Cameron’s sepia portraiture is heavily symbolic. Cherubs embrace, saints pray, prophetesses wander about in their cloaks. She creates a private, almost secret world populated only by women, she dips into the classical past to present modern images where the gaze is female, and directed inwards. It shares plenty with the Pre-Raphaelites, but with a more quiet, introspective presence. Some of it is beautiful and ethereal, lots of it (those cherubs, yikes) isn’t. 

Woodman died at just 22, but not before creating a frenetic body of tormented black and white photography. She had a knack for the stark and minimal, the blurred and the vulnerable. Bodies writhe in crumbling rooms, paint peels, faces hide in shadow. Lots of the images are striking, gorgeous, experimental, clever. But plenty of others are also – understandably – very studenty. 

Some of it is beautiful and ethereal, lots of it (those cherubs, yikes) isn’t. 

So why show these two together? There’s a definite influence here, and an occasional similarity of theme. But when you start the exhibition by showing two works next to each other just because they both feature umbrellas you know you’re clutching at curatorial straws.

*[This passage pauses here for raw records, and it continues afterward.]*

(* If t rho'(t) log t -> 0, the mean value inequality gives |rho(y) - rho(x)| log x <= eps log(y/x)
   for large x <= y, so log of t^(rho(t) - rho0) varies by o(1) on [x, Lambda x]: t^rho(t) is
   regularly varying with index rho0.  As sigma is comparable to t^rho(t), this yields
   sigma(l x) ~ l^rho0 sigma(x) up to a constant independent of l >= 1, which forces
   alpha(sigma) = beta(sigma) = rho0, and log sigma(x) = rho(x) log x + O(1), which forces
   mu(sigma) = rho(sigma) = rho0.  For rho0 > 0 the same comparison with l = 2 gives (omega_1),
   and with l = H, H^rho0 large, gives 2 sigma(t) <= sigma(H t) for large t, whence (omega_6). *)

lemma le_if_has_real_derivative_nonneg_except_finite:
  fixes g g' :: "real \<Rightarrow> real"
  assumes "finite S" "a \<le> b" "continuous_on {a..b} g"
    and "\<And>x. x \<in> {a<..<b} - S \<Longrightarrow> (g has_real_derivative g' x) (at x)"
    and "\<And>x. x \<in> {a<..<b} - S \<Longrightarrow> g' x \<ge> 0"
  shows "g a \<le> g b"
proof -
  let ?h = "\<lambda>x. if x \<in> {a<..<b} - S then g' x else 0"
  have "(?h has_integral (g b - g a)) {a..b}"
    by (rule fundamental_theorem_of_calculus_interior_strong[OF assms(1,2) _ assms(3)])
       (use assms(4) in \<open>auto simp: has_real_derivative_iff_has_vector_derivative[symmetric]\<close>)
  then have "0 \<le> g b - g a"
    by (rule has_integral_nonneg) (use assms(5) in auto)
  then show ?thesis by simp
qed

lemma abs_diff_le_if_has_real_derivative_dominated_except_finite:
  fixes f G f' G' :: "real \<Rightarrow> real"
  assumes "finite S" "a \<le> b" "continuous_on {a..b} f" "continuous_on {a..b} G"
    and "\<And>x. x \<in> {a<..<b} - S \<Longrightarrow> (f has_real_derivative f' x) (at x)"
    and "\<And>x. x \<in> {a<..<b} - S \<Longrightarrow> (G has_real_derivative G' x) (at x)"
    and "\<And>x. x \<in> {a<..<b} - S \<Longrightarrow> \<bar>f' x\<bar> \<le> G' x"
  shows "\<bar>f b - f a\<bar> \<le> G b - G a"
proof -
  have "(\<lambda>x. G x + s * f x) a \<le> (\<lambda>x. G x + s * f x) b" if "s \<in> {-1, 1}" for s
  proof (rule le_if_has_real_derivative_nonneg_except_finite[OF assms(1,2)])
    show "continuous_on {a..b} (\<lambda>x. G x + s * f x)"
      using assms(3,4) by (intro continuous_intros)
    fix x assume x: "x \<in> {a<..<b} - S"
    show "((\<lambda>x. G x + s * f x) has_real_derivative G' x + s * f' x) (at x)"
      using assms(5,6)[OF x] by (auto intro!: derivative_eq_intros)
    show "0 \<le> G' x + s * f' x"
      using assms(7)[OF x] that by auto
  qed
  from this[of 1] this[of "-1"] show ?thesis by (simp add: abs_le_iff)
qed

lemma le_exp_mult_if_ln_diff_le:
  fixes u v c :: real
  assumes "u > 0" "v > 0" "ln u - ln v \<le> c"
  shows "u \<le> exp c * v"
proof -
  have "u = exp (ln u)" using assms(1) by simp
  also have "\<dots> \<le> exp (c + ln v)" using assms(3) by simp
  also have "\<dots> = exp c * v" using assms(2) by (simp add: exp_add)
  finally show ?thesis .
qed

lemma ex_gt_one_powr_gt:
  fixes d M :: real
  assumes "d > 0"
  shows "\<exists>\<Lambda>>1. \<Lambda> powr d > M"
proof (intro exI conjI)
  show "exp ((\<bar>M\<bar> + 1) / d) > 1" using assms by simp
  have "exp ((\<bar>M\<bar> + 1) / d) powr d = exp (\<bar>M\<bar> + 1)"
    using assms by (simp add: powr_def)
  also have "\<dots> > M" by (smt (verit) exp_ge_add_one_self)
  finally show "exp ((\<bar>M\<bar> + 1) / d) powr d > M" .
qed

lemma proximate_order_increment_bound:
  assumes "proximate_order \<rho> \<rho>0" and "\<epsilon> > 0"
  obtains X where "X > 1"
    and "\<And>x y. X \<le> x \<Longrightarrow> x \<le> y \<Longrightarrow> \<bar>\<rho> y - \<rho> x\<bar> * ln x \<le> \<epsilon> * (ln y - ln x)"
proof -
  obtain c where cont: "continuous_on {c<..} \<rho>"
    and pw: "\<And>a b. c < a \<Longrightarrow> \<rho> piecewise_C1_differentiable_on {a..b}"
    and dv: "\<And>\<epsilon>. \<epsilon> > 0 \<Longrightarrow> \<exists>T. \<forall>t>T. \<rho> differentiable (at t) \<longrightarrow> \<bar>t * deriv \<rho> t * ln t\<bar> < \<epsilon>"
    using assms(1) unfolding proximate_order_def by blast
  obtain T where T: "\<And>t. t > T \<Longrightarrow> \<rho> differentiable (at t) \<Longrightarrow> \<bar>t * deriv \<rho> t * ln t\<bar> < \<epsilon>"
    using dv[OF assms(2)] by blast
  define X where "X = max (c + 1) (max (T + 1) 2)"
  have "\<bar>\<rho> y - \<rho> x\<bar> * ln x \<le> \<epsilon> * (ln y - ln x)" if "X \<le> x" "x \<le> y" for x y
  proof -
    have x: "x > 1" "x > c" "x > T" using that unfolding X_def by auto
    obtain K D where K: "finite K"
      and D: "\<And>s. s \<in> {x..y} - K \<Longrightarrow> (\<rho> has_real_derivative D s) (at s)"
      using pw[OF x(2), of y]
      unfolding piecewise_C1_differentiable_on_def C1_differentiable_on_def
        has_real_derivative_iff_has_vector_derivative by blast
    have "\<bar>D s * ln x\<bar> \<le> \<epsilon> / s" if s: "s \<in> {x<..<y} - K" for s
    proof -
      have s_pos: "s > 0" and ln_s: "ln x \<le> ln s" using s x by auto
      have "deriv \<rho> s = D s" using D s by (auto intro: DERIV_imp_deriv)
      then have "\<bar>s * D s * ln s\<bar> < \<epsilon>"
        using T[of s] D[of s] s x by (auto simp: real_differentiable_def)
      then have "\<bar>D s\<bar> * ln s \<le> \<epsilon> / s"
        using s_pos x ln_s by (simp add: abs_mult field_simps)
      moreover have "\<bar>D s * ln x\<bar> \<le> \<bar>D s\<bar> * ln s"
        using x ln_s by (simp add: abs_mult mult_left_mono)
      ultimately show ?thesis by linarith
    qed
    then have "\<bar>\<rho> y * ln x - \<rho> x * ln x\<bar> \<le> \<epsilon> * ln y - \<epsilon> * ln x"
      using K that(2) x
      by (intro abs_diff_le_if_has_real_derivative_dominated_except_finite
            [of K _ _ _ _ "\<lambda>s. D s * ln x" "\<lambda>s. \<epsilon> / s"])
         (auto intro!: continuous_intros derivative_eq_intros D
           intro: continuous_on_subset[OF cont])
    then show ?thesis using x by (simp add: abs_mult left_diff_distrib[symmetric] right_diff_distrib)
  qed
  moreover have "X > 1" unfolding X_def by simp
  ultimately show thesis using that by blast
qed

text \<open>Slow variation of \<open>t powr (\<rho> t - \<rho>0)\<close>, in logarithmic form.\<close>
lemma proximate_order_slowly_varying:
  assumes po: "proximate_order \<rho> \<rho>0" and "\<Lambda> \<ge> 1" and "\<delta> > 0"
  shows "eventually (\<lambda>x. \<forall>l\<in>{1..\<Lambda>}.
           \<bar>\<rho> (l * x) * ln (l * x) - \<rho> x * ln x - \<rho>0 * ln l\<bar> \<le> \<delta>) at_top"
proof -
  define \<epsilon> where "\<epsilon> = \<delta> / (2 * (ln \<Lambda> + 1))"
  have "ln \<Lambda> \<ge> 0" using \<open>\<Lambda> \<ge> 1\<close> by simp
  then have \<epsilon>: "\<epsilon> > 0" "\<epsilon> * ln \<Lambda> \<le> \<delta> / 2"
    using \<open>\<delta> > 0\<close> unfolding \<epsilon>_def by (auto simp: field_simps)
  obtain X where "X > 1"
    and X: "\<And>x y. X \<le> x \<Longrightarrow> x \<le> y \<Longrightarrow> \<bar>\<rho> y - \<rho> x\<bar> * ln x \<le> \<epsilon> * (ln y - ln x)"
    using proximate_order_increment_bound[OF po \<epsilon>(1)] by blast
  have "(\<rho> \<longlongrightarrow> \<rho>0) at_top" using po unfolding proximate_order_def by blast
  then have "eventually (\<lambda>t. \<bar>\<rho> t - \<rho>0\<bar> < \<epsilon>) at_top"
    using \<epsilon>(1) by (auto dest: tendstoD simp: dist_real_def)
  then obtain X' where X': "\<And>t. t \<ge> X' \<Longrightarrow> \<bar>\<rho> t - \<rho>0\<bar> < \<epsilon>"
    unfolding eventually_at_top_linorder by blast
  show ?thesis unfolding eventually_at_top_linorder
  proof (intro exI[of _ "max X X'"] allI impI ballI)
    fix x l assume x: "max X X' \<le> x" and l: "l \<in> {1..\<Lambda>}"
    have lx: "x \<le> l * x" and ln_l: "0 \<le> ln l" "ln l \<le> ln \<Lambda>" and ln_lx: "ln (l * x) = ln l + ln x"
      using x l \<open>X > 1\<close> by (auto simp: ln_mult)
    have "\<bar>(\<rho> (l * x) - \<rho>0) * ln l\<bar> \<le> \<epsilon> * ln \<Lambda>"
      using X'[of "l * x"] x lx ln_l \<epsilon>(1)
      by (simp add: abs_mult) (meson less_imp_le mult_mono order.trans)
    moreover have "\<bar>(\<rho> (l * x) - \<rho> x) * ln x\<bar> \<le> \<epsilon> * ln \<Lambda>"
      using X[of x "l * x"] x lx ln_l \<epsilon>(1) \<open>X > 1\<close> ln_lx
      by (simp add: abs_mult) (smt (verit) mult_left_mono)
    moreover have "\<rho> (l * x) * ln (l * x) - \<rho> x * ln x - \<rho>0 * ln l
        = (\<rho> (l * x) - \<rho>0) * ln l + (\<rho> (l * x) - \<rho> x) * ln x"
      unfolding ln_lx by (simp add: algebra_simps)
    ultimately show "\<bar>\<rho> (l * x) * ln (l * x) - \<rho> x * ln x - \<rho>0 * ln l\<bar> \<le> \<delta>"
      using \<epsilon>(2) by linarith
  qed
qed

lemma admits_proximate_order_ln_bound:
  assumes "admits_proximate_order \<sigma> \<rho>"
  obtains M where "eventually (\<lambda>t. \<sigma> t > 0 \<and> \<bar>ln (\<sigma> t) - \<rho> t * ln t\<bar> \<le> M) at_top"
proof -
  obtain A B where "A > 0"
    and AB: "eventually (\<lambda>t. A \<le> \<sigma> t / t powr \<rho> t \<and> \<sigma> t / t powr \<rho> t \<le> B) at_top"
    using assms unfolding admits_proximate_order_def by blast
  have "eventually (\<lambda>t. \<sigma> t > 0 \<and> \<bar>ln (\<sigma> t) - \<rho> t * ln t\<bar> \<le> \<bar>ln A\<bar> + \<bar>ln B\<bar>) at_top"
    using AB eventually_gt_at_top[of 0]
  proof eventually_elim
    case (elim t)
    define q where "q = \<sigma> t / t powr \<rho> t"
    have "q > 0" "ln A \<le> ln q" "ln q \<le> ln B"
      using elim \<open>A > 0\<close> unfolding q_def by auto
    moreover have "\<sigma> t > 0"
      using elim \<open>q > 0\<close> unfolding q_def by (simp add: zero_less_divide_iff)
    moreover from this have "ln (\<sigma> t) - \<rho> t * ln t = ln q"
      using elim unfolding q_def by (simp add: ln_div ln_powr)
    ultimately show ?case by linarith
  qed
  then show thesis by (rule that)
qed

Not only is not much gained by showing these two artists side by side, but so much is lost. You spend your time drawing parallels and finding links instead of just taking the artists on their merit. You can’t lose yourself in either’s body of work because you’re too busy trying to understand why they’ve been whacked in the same room.

Cameron’s bigger works dominate Woodman’s smaller scale approach, her ethereal floweriness overwhelms Woodman’s wispy ghostliness. It just doesn’t work. You leave feeling like this could, and should, have been two separate exhibitions.